Some individuals may experience gastrointestinal symptoms, including loss of appetite, stomach discomfort, diarrhea, or nausea.
Creatine may cause muscle cramps or muscle breakdown, leading to muscle tears or discomfort. Weight gain and increased body mass may occur. Heat intolerance, fever, dehydration, reduced blood volume, or electrolyte imbalances (and resulting seizures) may occur.
There is less concern today than there used to be about possible kidney damage from creatine, although there are reports of kidney damage, such as interstitial nephritis. Patients with kidney disease should avoid use of this supplement. Similarly, liver function may be altered, and caution is advised in those with underlying liver disease.
In theory, creatine may alter the activities of insulin. Caution is advised in patients with diabetes or hypoglycemia, and in those taking drugs, herbs, or supplements that affect blood sugar. Serum glucose levels may need to be monitored by a healthcare provider, and medication adjustments may be necessary.
Chronic administration of a large quantity of creatine is reported to increase the production of formaldehyde, which may potentially cause serious unwanted side-effects.

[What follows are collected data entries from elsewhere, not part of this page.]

(* Let $E$ be an $\mathbb{R}$-group, $X$ a locally compact (Hausdorff) space not reduced to one point, and $\mathcal{H}=(H_\varepsilon)_{\varepsilon\in E}$ a continuous absorptive action of $E$ on $X$ with center $\omega$. Then: (i) there is a neighbourhood base at $\omega$ consisting of balanced absorbent sets; (ii) a set $T\subset X$ is bounded if and only if it is relatively compact; (iii) elementary sets exist; moreover, if $F$ is an elementary set, then the sets $H_n(F)$, $n$ ranging over the positive integers (viewed as elements of $E$), form a neighbourhood base at $\omega$, and the sets $H_{n^{-1}}(F)$, $n$ ranging over the positive integers, cover $X$.
   Context: An $\mathbb{R}$-group is an abelian group $E$ (operation written multiplicatively) whose underlying set is a subset of $\mathbb{R}$ containing all positive integers, such that: (RG1) with the natural order of $\mathbb{R}$, $E$ is a totally ordered group; (RG2) with the topology induced from $\mathbb{R}$, $E$ is a locally compact group; (RG3) there is a nonconstant continuous homomorphism $h:E\to\mathbb{R}_+^*$ such that for every $\alpha\in E$ the set $\{\varepsilon\in E:\varepsilon\ge\alpha\}$ is integrable for $h\cdot m$, $m$ a Haar measure on $E$. $e$ is the identity of $E$, $\varepsilon^{-1}$ the group inverse, $\theta=\inf E\in\mathbb{R}\cup\{\pm\infty\}$; inequalities refer to the order of $\mathbb{R}$. An action of $E$ on $X$ is a family $\mathcal{H}=(H_\varepsilon)_{\varepsilon\in E}$ of bijections of $X$ with $H_\varepsilon\circ H_{\varepsilon'}=H_{\varepsilon\varepsilon'}$, $H_e=\mathrm{id}_X$; it is continuous if $(\varepsilon,x)\mapsto H_\varepsilon(x)$ is continuous on $E\times X$. It is absorptive if some $\omega\in X$ satisfies (ABS): for every neighbourhood $V$ of $\omega$ and every $x\in X$ there are a neighbourhood $U$ of $x$ and $\alpha\in E$ with $H_{\varepsilon^{-1}}(U)\subset V$ for all $\varepsilon\le\alpha$. For a continuous absorptive action such $\omega$ is unique and called the center. For $T,S\subset X$: $T$ absorbs $S$ if there is $\alpha\in E$ with $H_{\varepsilon^{-1}}(S)\subset T$ for all $\varepsilon\le\alpha$; $T$ is absorbent if it absorbs every singleton $\{x\}$, $x\in X$; $T$ is balanced if $H_{\varepsilon^{-1}}(T)\subset T$ for all $\varepsilon\le e$. $T$ is bounded if it is absorbed by every neighbourhood of the center $\omega$. $T$ is elementary if it is a balanced relatively compact neighbourhood of $\omega$. *)

theory Defs
  imports "HOL-Analysis.Analysis" "HOL-Algebra.Group"
begin

text \<open>An R-group is represented by a HOL-Algebra monoid record G whose carrier is a set of
reals; the group operation is the abstract multiplication of G (not real multiplication),
while the order and the topology are those induced from the real line.\<close>

text \<open>A Haar measure on the locally compact group E = carrier G: a nonzero measure on the
Borel sets of E, invariant under translations, finite on compact sets. (On a second-countable
locally compact space such a measure is automatically Radon.)\<close>

definition haar_measure :: "real monoid \<Rightarrow> real measure \<Rightarrow> bool" where
  "haar_measure G m \<longleftrightarrow>
     space m = carrier G \<and>
     sets m = sets (restrict_space borel (carrier G)) \<and>
     (\<forall>a\<in>carrier G. \<forall>A\<in>sets m.
        (\<lambda>x. a \<otimes>\<^bsub>G\<^esub> x) ` A \<in> sets m \<and>
        emeasure m ((\<lambda>x. a \<otimes>\<^bsub>G\<^esub> x) ` A) = emeasure m A) \<and>
     (\<forall>K. K \<subseteq> carrier G \<and> compact K \<longrightarrow> emeasure m K < \<infinity>) \<and>
     emeasure m (carrier G) \<noteq> 0"

definition R_group :: "real monoid \<Rightarrow> bool" where
  "R_group G \<longleftrightarrow>
     comm_group G \<and>
     {x::real. \<exists>n::nat. n \<ge> 1 \<and> x = real n} \<subseteq> carrier G \<and>
     \<comment> \<open>(RG1) totally ordered group for the natural order of the reals\<close>
     (\<forall>a\<in>carrier G. \<forall>b\<in>carrier G. \<forall>c\<in>carrier G.
        a \<le> b \<longrightarrow> a \<otimes>\<^bsub>G\<^esub> c \<le> b \<otimes>\<^bsub>G\<^esub> c) \<and>
     \<comment> \<open>(RG2) locally compact topological group for the induced topology\<close>
     continuous_on (carrier G \<times> carrier G) (\<lambda>(x, y). x \<otimes>\<^bsub>G\<^esub> y) \<and>
     continuous_on (carrier G) (\<lambda>x. inv\<^bsub>G\<^esub> x) \<and>
     locally_compact_space (top_of_set (carrier G)) \<and>
     \<comment> \<open>(RG3)\<close>
     (\<exists>h :: real \<Rightarrow> real.
        continuous_on (carrier G) h \<and>
        (\<forall>x\<in>carrier G. h x > 0) \<and>
        (\<forall>x\<in>carrier G. \<forall>y\<in>carrier G. h (x \<otimes>\<^bsub>G\<^esub> y) = h x * h y) \<and>
        (\<exists>x\<in>carrier G. \<exists>y\<in>carrier G. h x \<noteq> h y) \<and>
        (\<exists>m. haar_measure G m \<and>
           (\<forall>\<alpha>\<in>carrier G. set_integrable m {\<epsilon>\<in>carrier G. \<alpha> \<le> \<epsilon>} h)))"

definition nbhd :: "'a topology \<Rightarrow> 'a \<Rightarrow> 'a set \<Rightarrow> bool" where
  "nbhd X x N \<longleftrightarrow> N \<subseteq> topspace X \<and> (\<exists>U. openin X U \<and> x \<in> U \<and> U \<subseteq> N)"

definition is_action :: "real monoid \<Rightarrow> 'a topology \<Rightarrow> (real \<Rightarrow> 'a \<Rightarrow> 'a) \<Rightarrow> bool" where
  "is_action G X H \<longleftrightarrow>
     (\<forall>\<epsilon>\<in>carrier G. bij_betw (H \<epsilon>) (topspace X) (topspace X)) \<and>
     (\<forall>\<epsilon>\<in>carrier G. \<forall>\<epsilon>'\<in>carrier G. \<forall>x\<in>topspace X.
        H \<epsilon> (H \<epsilon>' x) = H (\<epsilon> \<otimes>\<^bsub>G\<^esub> \<epsilon>') x) \<and>
     (\<forall>x\<in>topspace X. H \<one>\<^bsub>G\<^esub> x = x)"
(* Fix $\Delta>1$ and a known upper bound $D$ on the sparsity. Let $M\in\mathbb{F}^{m\times n}$ be a matrix such that there exists a (deterministic) decoder which, from observing only $\mathbf{b}=M\odot\mathbf{x}$, produces a $\Delta$-approximation $\hat d$ of $d=\|\mathbf{x}\|_0$ for any $\mathbf{x}\in\mathbb{F}^n$ with $d\le D$. Then for any two vectors $\mathbf{v}_1,\mathbf{v}_2\in\mathbb{F}^n$ with $\|\mathbf{v}_2\|_0\le\|\mathbf{v}_1\|_0\le D$, $M$ must have the property $$\frac{\|\mathbf{v}_1\|_0}{\|\mathbf{v}_2\|_0}>\Delta^2\ \Longrightarrow\ M\odot\mathbf{v}_1\neq M\odot\mathbf{v}_2.$$ Conversely, for any matrix $M$ satisfying this property, there exists a decoder producing from $\mathbf{b}=M\odot\mathbf{x}$ an estimate $\hat d$ satisfying $\frac{1}{\Delta}\le\frac{\hat d}{d}\le\Delta$.
   Context: $\|\mathbf{x}\|_0$ denotes the number of nonzero entries (sparsity) of $\mathbf{x}$. The measurement operation $\odot$ is one of: (i) $\mathbb{F}=\mathbb{F}_2$ and $\odot$ is logical OR, i.e. $(M\odot\mathbf{x})_i=\bigvee_{j:M_{ij}=1}\mathbf{x}_j$ (group testing); or (ii) $\mathbb{F}$ is a finite field or $\mathbb{R}$ and $M\odot\mathbf{x}$ is the ordinary matrix-vector product over $\mathbb{F}$. A decoder is a deterministic function of the observed vector $\mathbf{b}$; an estimate $\hat d$ is a $\Delta$-approximation of $d$ if $\frac{1}{\Delta}\le \frac{\hat d}{d}\le\Delta$. *)

theory Defs
  imports "HOL-Analysis.Analysis"
begin

definition sparsity :: "'a::zero ^ 'n \<Rightarrow> nat" where
  "sparsity x = card {j. x $ j \<noteq> 0}"

definition bsparsity :: "bool ^ 'n \<Rightarrow> nat" where
  "bsparsity x = card {j. x $ j}"

text \<open>Group-testing measurement: Boolean OR of the entries selected by each row.\<close>
definition or_mult :: "bool ^ 'n ^ 'm \<Rightarrow> bool ^ 'n \<Rightarrow> bool ^ 'm" where
  "or_mult M x = (\<chi> i. \<exists>j. M $ i $ j \<and> x $ j)"

text \<open>dhat is a Delta-approximation of d: 1/Delta <= dhat/d <= Delta, written
  multiplicatively (for d = 0 this forces dhat = 0).\<close>
definition is_approx :: "real \<Rightarrow> real \<Rightarrow> real \<Rightarrow> bool" where
  "is_approx \<Delta> dhat d \<longleftrightarrow> dhat \<le> \<Delta> * d \<and> d \<le> \<Delta> * dhat"

definition estimable :: "real \<Rightarrow> nat \<Rightarrow> ('v \<Rightarrow> 'b) \<Rightarrow> ('v \<Rightarrow> nat) \<Rightarrow> bool" where
  "estimable \<Delta> D meas spars \<longleftrightarrow>
     (\<exists>dec :: 'b \<Rightarrow> real. \<forall>x. spars x \<le> D \<longrightarrow> is_approx \<Delta> (dec (meas x)) (real (spars x)))"

text \<open>The separation property: ||v2|| <= ||v1|| <= D and ||v1||/||v2|| > Delta^2
  (written as ||v1|| > Delta^2 ||v2||, so ||v2|| = 0 < ||v1|| counts as ratio infinity)
  imply different measurements.\<close>
definition separating :: "real \<Rightarrow> nat \<Rightarrow> ('v \<Rightarrow> 'b) \<Rightarrow> ('v \<Rightarrow> nat) \<Rightarrow> bool" where
  "separating \<Delta> D meas spars \<longleftrightarrow>
     (\<forall>v1 v2. spars v2 \<le> spars v1 \<and> spars v1 \<le> D \<and> real (spars v1) > \<Delta>^2 * real (spars v2)
        \<longrightarrow> meas v1 \<noteq> meas v2)"

end

theory Submission
  imports Defs
begin

text \<open>Nothing about the measurement map is used: the theorem holds for any map and any
  sparsity function. If a decoder exists and two vectors share a measurement, its common
  estimate is within a factor \<Delta> of both sparsities, so they are within \<Delta>^2 of each other.
  Conversely, if measurements separate sparsities differing by more than \<Delta>^2, the decoder
  returning \<Delta> times the smallest sparsity consistent with the observation is a
  \<Delta>-approximation.\<close>

definition min_consistent_sparsity :: "nat \<Rightarrow> ('v \<Rightarrow> 'b) \<Rightarrow> ('v \<Rightarrow> nat) \<Rightarrow> 'b \<Rightarrow> nat" where
  "min_consistent_sparsity D meas spars b = Min {spars x | x. meas x = b \<and> spars x \<le> D}"

lemma min_consistent_sparsity_le:
  assumes "spars x \<le> D"
  shows "min_consistent_sparsity D meas spars (meas x) \<le> spars x"
  unfolding min_consistent_sparsity_def
  by (rule Min_le) (use assms in \<open>auto intro: finite_subset[of _ "{..D}"]\<close>)

lemma min_consistent_sparsity_attained:
  assumes "spars x \<le> D"
  obtains y where "meas y = meas x" "spars y \<le> D"
    "spars y = min_consistent_sparsity D meas spars (meas x)"
proof -
  let ?S = "{spars y | y. meas y = meas x \<and> spars y \<le> D}"
  have "finite ?S" by (rule finite_subset[of _ "{..D}"]) auto
  moreover have "?S \<noteq> {}" using assms by auto
  ultimately have "Min ?S \<in> ?S" by (rule Min_in)
  then show thesis using that unfolding min_consistent_sparsity_def by auto
qed

lemma estimable_imp_separating:
  assumes "\<Delta> > 1" and "estimable \<Delta> D meas spars"
  shows "separating \<Delta> D meas spars"
  unfolding separating_def
proof (intro allI impI notI)
  obtain dec where dec: "\<And>x. spars x \<le> D \<Longrightarrow> is_approx \<Delta> (dec (meas x)) (real (spars x))"
    using assms(2) unfolding estimable_def by blast
  fix v1 v2
  assume v: "spars v2 \<le> spars v1 \<and> spars v1 \<le> D \<and> real (spars v1) > \<Delta>^2 * real (spars v2)"
    and same: "meas v1 = meas v2"
  have "real (spars v1) \<le> \<Delta> * dec (meas v1)"
    using dec v unfolding is_approx_def by auto
  also have "\<dots> \<le> \<Delta> * (\<Delta> * real (spars v2))"
    using dec[of v2] v same assms(1) unfolding is_approx_def by (intro mult_left_mono) auto
  finally show False using v by (simp add: power2_eq_square mult.assoc)
qed

lemma separating_imp_estimable:
  assumes "\<Delta> > 1" and sep: "separating \<Delta> D meas spars"
  shows "estimable \<Delta> D meas spars"
  unfolding estimable_def
proof (intro exI allI impI)
  fix x
  assume x: "spars x \<le> D"
  let ?m = "min_consistent_sparsity D meas spars (meas x)"
  obtain y where y: "meas y = meas x" "spars y \<le> D" "spars y = ?m"
    using min_consistent_sparsity_attained[where meas = meas and spars = spars, OF x] .
  have le: "?m \<le> spars x" using min_consistent_sparsity_le[where meas = meas and spars = spars, OF x] .
  have "\<not> real (spars x) > \<Delta>^2 * real ?m"
    using sep x y le unfolding separating_def by metis
  moreover have "\<Delta> * real ?m \<le> \<Delta> * real (spars x)"
    using le assms(1) by (intro mult_left_mono) auto
  ultimately show "is_approx \<Delta> (\<Delta> * real (min_consistent_sparsity D meas spars (meas x)))
      (real (spars x))"
    unfolding is_approx_def by (simp add: power2_eq_square mult.assoc)
qed

lemma estimable_iff_separating:
  assumes "\<Delta> > 1"
  shows "estimable \<Delta> D meas spars \<longleftrightarrow> separating \<Delta> D meas spars"
  using estimable_imp_separating separating_imp_estimable assms by blast

theorem theorem1:
  fixes \<Delta> :: real and D :: nat
  assumes "\<Delta> > 1"
  shows "(\<forall>M :: bool ^ 'n ^ 'm.
            estimable \<Delta> D (or_mult M) bsparsity \<longleftrightarrow> separating \<Delta> D (or_mult M) bsparsity)
       \<and> (\<forall>M :: 'a::field ^ 'n ^ 'm.
            estimable \<Delta> D (\<lambda>x. M *v x) sparsity \<longleftrightarrow> separating \<Delta> D (\<lambda>x. M *v x) sparsity)"
  by (intro conjI allI estimable_iff_separating[OF assms])

end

Based on a case report, creatinine may increase the risk of compartment syndrome of the lower leg, a condition characterized by pain in the lower leg associated with inflammation and ischemia (diminished blood flow), which is a potential surgical emergency.
Pregnancy and Breastfeeding
Creatine cannot be recommended during pregnancy or breast-feeding due to a lack of scientific information.
Pasteurized cow's milk appears to contain higher levels of creatine than human milk. The clinical significance of this is not clear.